_AIM OF THE EXERCISE_
The data below should be duplicated in full, unchanged.

_SUPPLIED DATA_
lemma norm_extrapolation_sq:
  fixes U V :: "'a::real_inner"
  shows "(norm ((1 + a) *\<^sub>R U - a *\<^sub>R V))\<^sup>2
    = (1 + a) * (norm U)\<^sup>2 - a * (norm V)\<^sup>2 + a * (1 + a) * (norm (U - V))\<^sup>2"
  by (simp add: power2_norm_eq_inner inner_simps inner_commute algebra_simps)

lemma strongly_monotone_op_add:
  assumes "monotone_op F D" "strongly_monotone_op \<mu> H E" "0 \<le> \<eta>"
  shows "strongly_monotone_op (\<eta> * \<mu>) (\<lambda>z. F z + \<eta> *\<^sub>R H z) (D \<inter> E)"
  unfolding strongly_monotone_op_def
proof (intro ballI)
  fix u v assume "u \<in> D \<inter> E" "v \<in> D \<inter> E"
  then have "0 \<le> inner (F u - F v) (u - v)" "\<mu> * (norm (u - v))\<^sup>2 \<le> inner (H u - H v) (u - v)"
    using assms(1,2) unfolding monotone_op_def strongly_monotone_op_def by auto
  then have "\<eta> * \<mu> * (norm (u - v))\<^sup>2 \<le> inner (F u - F v) (u - v) + \<eta> * inner (H u - H v) (u - v)"
    using assms(3) by (smt (verit) mult.assoc mult_left_mono)
  then show "\<eta> * \<mu> * (norm (u - v))\<^sup>2 \<le> inner (F u + \<eta> *\<^sub>R H u - (F v + \<eta> *\<^sub>R H v)) (u - v)"
    by (simp add: inner_simps algebra_simps)
qed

_ANSWER TO THE PROBLEM_
lemma norm_extrapolation_sq:
  fixes U V :: "'a::real_inner"
  shows "(norm ((1 + a) *\<^sub>R U - a *\<^sub>R V))\<^sup>2
    = (1 + a) * (norm U)\<^sup>2 - a * (norm V)\<^sup>2 + a * (1 + a) * (norm (U - V))\<^sup>2"
  by (simp add: power2_norm_eq_inner inner_simps inner_commute algebra_simps)

lemma strongly_monotone_op_add:
  assumes "monotone_op F D" "strongly_monotone_op \<mu> H E" "0 \<le> \<eta>"
  shows "strongly_monotone_op (\<eta> * \<mu>) (\<lambda>z. F z + \<eta> *\<^sub>R H z) (D \<inter> E)"
  unfolding strongly_monotone_op_def
proof (intro ballI)
  fix u v assume "u \<in> D \<inter> E" "v \<in> D \<inter> E"
  then have "0 \<le> inner (F u - F v) (u - v)" "\<mu> * (norm (u - v))\<^sup>2 \<le> inner (H u - H v) (u - v)"
    using assms(1,2) unfolding monotone_op_def strongly_monotone_op_def by auto
  then have "\<eta> * \<mu> * (norm (u - v))\<^sup>2 \<le> inner (F u - F v) (u - v) + \<eta> * inner (H u - H v) (u - v)"
    using assms(3) by (smt (verit) mult.assoc mult_left_mono)
  then show "\<eta> * \<mu> * (norm (u - v))\<^sup>2 \<le> inner (F u + \<eta> *\<^sub>R H u - (F v + \<eta> *\<^sub>R H v)) (u - v)"
    by (simp add: inner_simps algebra_simps)
qed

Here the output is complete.